# Problem with Instrument cluster



## RainBow (Jun 4, 2003)

I got a problem on my instrument, when i turn on the engine the the clock light turn on and when i turn on my headlights it turn off and instrument cluster gage light dosn't turn on, so i can't see how fast i'm going at dark, but it works the speedomator and every thing works but the light is not on. And i have check my fuse but none blew, so i don't know whats wrong with it. Please help


----------



## toolapcfan (Jul 10, 2002)

Could be your dimmer switch?


----------



## gtir ser (Jun 29, 2003)

yes.dimmer switch or light switch on column


----------



## RainBow (Jun 4, 2003)

No it's the the dimmer switch also, i check it already


----------



## UNISH25 (Aug 12, 2002)

Weird happening...Did you do anything to modify your car recently? Maybe you forgot to rewire something. Or you screwed up on the wiring. Did you have anyone do anything with your wiring recenltly?


----------



## stanen8871 (Apr 15, 2003)

All these dimmer switches become intermittant, I just fixed my daughters. You need to remove the switch from the dash. On the sentra's, open the fuse compartment case, reach up and pop out the switch assembly, disconnect the wire plug. using a small screw driver open the assembly. You see the dimmer wheel contactor to the pc board. clean the pc wiper contacts with alcohol, if to tarnished from age, lightly use scotch brite pad to clean both the wheel contactor and pc card contactors. Also you need to check the pc card for broken solder connections and resolder. I had both. reassemble and worked like a champ for me.
This is a common problem with nissan dimmers.


----------



## toolapcfan (Jul 10, 2002)

I have a dimmer switch, $15 shipped if you're interested.


----------



## RainBow (Jun 4, 2003)

it's nothing to do with the dimmer switch, cause it works fine, but the thing is there no light comming from the gage and my all my temp thing where you chose, hot or cold. But the gage and my clock works, but i can't see nothing when driving at night but only my cd dec, so i'm to ask if anybody have my problem befor. If do please help. Think its a wire that is mess up.


----------



## PrOxLaMuS© (Aug 11, 2002)

does the temperature controls light up or if you have an automatic, does the shift position indicator light up?
If they do, then your bulbs or fuse must of blown with the cluster.

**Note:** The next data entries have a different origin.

lemma m_star_ge_half:
  assumes "p \<ge> 1" and lam: "2 ^ k * sqrt (real p) \<le> lam"
  shows "1/2 \<le> m_star p k lam"
proof -
  have sp: "sqrt (real p) > 0" using assms(1) by simp
  have "0 < 2 ^ k * sqrt (real p)" using sp by simp
  then have lam0: "lam > 0" using lam by linarith
  define g where "g m = lam * m ^ k * sqrt (1 - m\<^sup>2) - sqrt (real p) * m\<^sup>2" for m :: real
  let ?P = "\<lambda>m. 0 < m \<and> m \<le> 1 \<and> lam * m ^ k / sqrt (real p) = m\<^sup>2 / sqrt (1 - m\<^sup>2)"
  have P_iff_root: "?P m \<longleftrightarrow> g m = 0" if "0 < m" "m < 1" for m
  proof -
    have "m\<^sup>2 < 1" using that by (simp add: power_less_one_iff abs_square_less_1)
    then have "sqrt (1 - m\<^sup>2) > 0" by simp
    then show ?thesis using that sp by (auto simp: g_def field_simps)
  qed
  \<comment> \<open>At m = 1 the right-hand side is 1 / sqrt 0 = 0, which would force lam = 0.\<close>
  have not_P1: "\<not> ?P 1" using lam0 sp by simp
  have "sqrt (real p) / 4 \<le> lam / 2 ^ k * sqrt (1 - (1/2)\<^sup>2)"
  proof -
    have "sqrt (real p) / 2 \<le> lam / 2 ^ k" using lam lam0 by (simp add: field_simps)
    moreover have "1/2 \<le> sqrt (1 - (1/2::real)\<^sup>2)" by (rule real_le_rsqrt) (simp add: power2_eq_square)
    ultimately have "sqrt (real p) / 2 * (1/2) \<le> lam / 2 ^ k * sqrt (1 - (1/2)\<^sup>2)"
      using lam0 by (intro mult_mono) auto
    then show ?thesis by simp
  qed
  then have "0 \<le> g (1/2)" by (simp add: g_def power_divide)
  moreover have "g 1 \<le> 0" using sp by (simp add: g_def)
  moreover have "continuous_on {1/2..1} g" unfolding g_def by (intro continuous_intros)
  ultimately obtain z where z: "z \<in> {1/2..1}" "g z = 0"
    and z_greatest: "\<And>t. t \<in> {1/2..1} \<Longrightarrow> g t = 0 \<Longrightarrow> t \<le> z"
    by (rule obtain_greatest_zero) auto
  have "z \<noteq> 1" using z sp by (auto simp: g_def)
  then have "?P z" using P_iff_root z by auto
  moreover have "t \<le> z" if "?P t" for t
  proof (cases "t < 1/2")
    case True
    then show ?thesis using z by simp
  next
    case False
    then have t: "t \<in> {1/2..1}" "t \<noteq> 1" using that not_P1 by auto
    then have "g t = 0" using that P_iff_root[of t] by auto
    then show ?thesis using t z_greatest by blast
  qed
  ultimately have "m_star p k lam = z" unfolding m_star_def by (intro Greatest_equality)
  then show ?thesis using z by simp
qed

lemma x_star_le:
  assumes "0 \<le> lam * m_star p k lam ^ k"
  shows "x_star p k lam \<le> - (lam * m_star p k lam ^ k) / real k"
proof -
  define A where "A = lam * m_star p k lam ^ k"
  have "x_star p k lam = A * (1/2 - 1 / real k) - sqrt (A\<^sup>2 / 4 + real p)"
    unfolding x_star_def A_def Let_def
    by (simp add: power_mult_distrib power_mult[symmetric] mult.commute)
  also have "\<dots> \<le> A * (1/2 - 1 / real k) - A / 2"
  proof -
    have "A / 2 = sqrt (A\<^sup>2 / 4)" using assms by (simp add: A_def real_sqrt_divide)
    also have "\<dots> \<le> sqrt (A\<^sup>2 / 4 + real p)" by simp
    finally show ?thesis by linarith
  qed
  also have "\<dots> = - A / real k" by (simp add: algebra_simps)
  finally show ?thesis unfolding A_def .
qed

lemma m_lambda_bound:
  assumes "p \<ge> 2" "k \<ge> 1" "lam > 0" "0 \<le> m" "m \<le> m_lambda p k lam"
  shows "m \<le> 1" and "lam * m ^ k \<le> (real p - 2) * sqrt (real p) / sqrt (real p - 1)"
proof -
  define q where "q = (real p - 2) * sqrt (real p) / (lam * sqrt (real p - 1))"
  have q0: "0 \<le> q" using assms(1,3) by (simp add: q_def)
  show "m \<le> 1" using assms(5) by (simp add: m_lambda_def)
  have "m ^ k \<le> root k q ^ k"
    using assms(4,5) by (intro power_mono) (simp_all add: m_lambda_def q_def)
  also have "\<dots> = q" using assms(2) q0 by simp
  finally have "lam * m ^ k \<le> lam * q" using assms(3) by simp
  then show "lam * m ^ k \<le> (real p - 2) * sqrt (real p) / sqrt (real p - 1)"
    using assms(3) by (simp add: q_def)
qed

lemma I1_nonneg: "0 \<le> I1 z"
proof (cases "sqrt 2 \<le> z")
  case True
  have "continuous_on {sqrt 2..z} (\<lambda>t. sqrt (t\<^sup>2 - 2))" by (intro continuous_intros)
  then have "(\<lambda>t. sqrt (t\<^sup>2 - 2)) integrable_on {sqrt 2..z}" by (rule integrable_continuous_interval)
  then have "0 \<le> integral {sqrt 2..z} (\<lambda>t. sqrt (t\<^sup>2 - 2))"
    by (rule integral_nonneg) (auto intro: sqrt_le_D)
  then show ?thesis using True by (simp add: I1_def)
qed (simp add: I1_def)

lemma ln_le_self: "0 \<le> x \<Longrightarrow> ln x \<le> (x::real)"
  by (cases "x = 0") (simp_all add: less_imp_le)
(* Let $\beta>0$, $k,\alpha,\epsilon>0$ be fixed, and let $N=N(n)$ be positive integers with $(3\alpha+21k/2+10+\epsilon)\log n\le N\le n^\alpha$. Let $p_n$ be a prime with $9n^{2k+2}\le p_n\le 2(2+\alpha+2k)Nn^{2k+2}\log n$. Let $J,B,C$ be standard normal random variables and set $\widetilde J=\lfloor 2^N e^{\beta J/\sqrt n}\rfloor$, $\widetilde B=\lfloor 2^N e^{B}\rfloor$, $\widetilde C=\lfloor 2^Ne^{C}\rfloor$. Then for every $A\in\{\widetilde J,\widetilde B,\widetilde C\}$, $$\max_{0\le \ell\le p_n-1}\big|\mathbb{P}(A\equiv \ell \bmod p_n)-p_n^{-1}\big|=O\big(N^{-1}n^{-5k-4}\big)$$ as $n\to\infty$.
   Context: $\log$ is base 2. The implicit constant in $O(\cdot)$ may depend on $\beta,k,\alpha,\epsilon$ but not on $n$, $N$, or the choice of $p_n$ in the stated range. *)

theory Defs
  imports "HOL-Probability.Probability" "HOL-Computational_Algebra.Primes"
begin

definition std_normal :: "real measure" where
  "std_normal = density lborel std_normal_density"

definition residue_prob :: "real \<Rightarrow> nat \<Rightarrow> nat \<Rightarrow> nat \<Rightarrow> real" where
  "residue_prob c N p l =
     measure std_normal {x. \<lfloor>2 ^ N * exp (c * x)\<rfloor> mod int p = int l}"

end

theory Submission
  imports Defs "HOL-Real_Asymp.Real_Asymp"
begin

text \<open>Write X = 2^N exp(c Z) with Z standard normal. On (0, \<infinity>) the distribution function of X
  has a density that increases up to the mode 2^N exp(-c^2) and decreases afterwards, with maximum
  B = exp(c^2/2) / (sqrt(2 pi) c 2^N). Hence the point probabilities g m = P(floor X = m) are at
  most B and unimodal, so the sequence g has total variation at most 5 B. Comparing g (l + j p)
  with the mean of g over the block [j p, j p + p) then shows that P(floor X = l mod p) is within
  5 B of 1/p, for every modulus p. For c = beta/sqrt n or c = 1 we have B = O(sqrt n / 2^N), and
  the lower bound on N gives 2^N \<ge> sqrt n N n^(5k+4).\<close>

lemma abs_diff_le_block_variation:
  fixes g :: "nat \<Rightarrow> real"
  assumes "x \<in> {s..<s+p}" "y \<in> {s..<s+p}"
  shows "\<bar>g x - g y\<bar> \<le> (\<Sum>i=s..<s+p. \<bar>g (Suc i) - g i\<bar>)"
proof -
  have ordered: "\<bar>g b - g a\<bar> \<le> (\<Sum>i=s..<s+p. \<bar>g (Suc i) - g i\<bar>)"
    if "a \<le> b" "a \<in> {s..<s+p}" "b \<in> {s..<s+p}" for a b
  proof -
    have "\<bar>g b - g a\<bar> = \<bar>\<Sum>i=a..<b. g (Suc i) - g i\<bar>"
      using sum_Suc_diff'[OF \<open>a \<le> b\<close>, of g] by simp
    also have "\<dots> \<le> (\<Sum>i=a..<b. \<bar>g (Suc i) - g i\<bar>)" by (rule sum_abs)
    also have "\<dots> \<le> (\<Sum>i=s..<s+p. \<bar>g (Suc i) - g i\<bar>)" by (rule sum_mono2) (use that in auto)
    finally show ?thesis .
  qed
  show ?thesis
    using ordered[of x y] ordered[of y x] assms by (cases "x \<le> y") (auto simp: abs_minus_commute)
qed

if not, it could be a fuse or dimmer switch problem


----------



## insanestvtop (Dec 3, 2002)

i just had this almost exact problem, try the tail light fuse, or ck around in some of the fuses, cause i kinda was messing around with that and shorted out that fuse, and those lights wouldnt come on anymore, so you could ck that. If you have a volt meter check around to see if there is any power anywhere, that will help narrow down where the problem is.


----------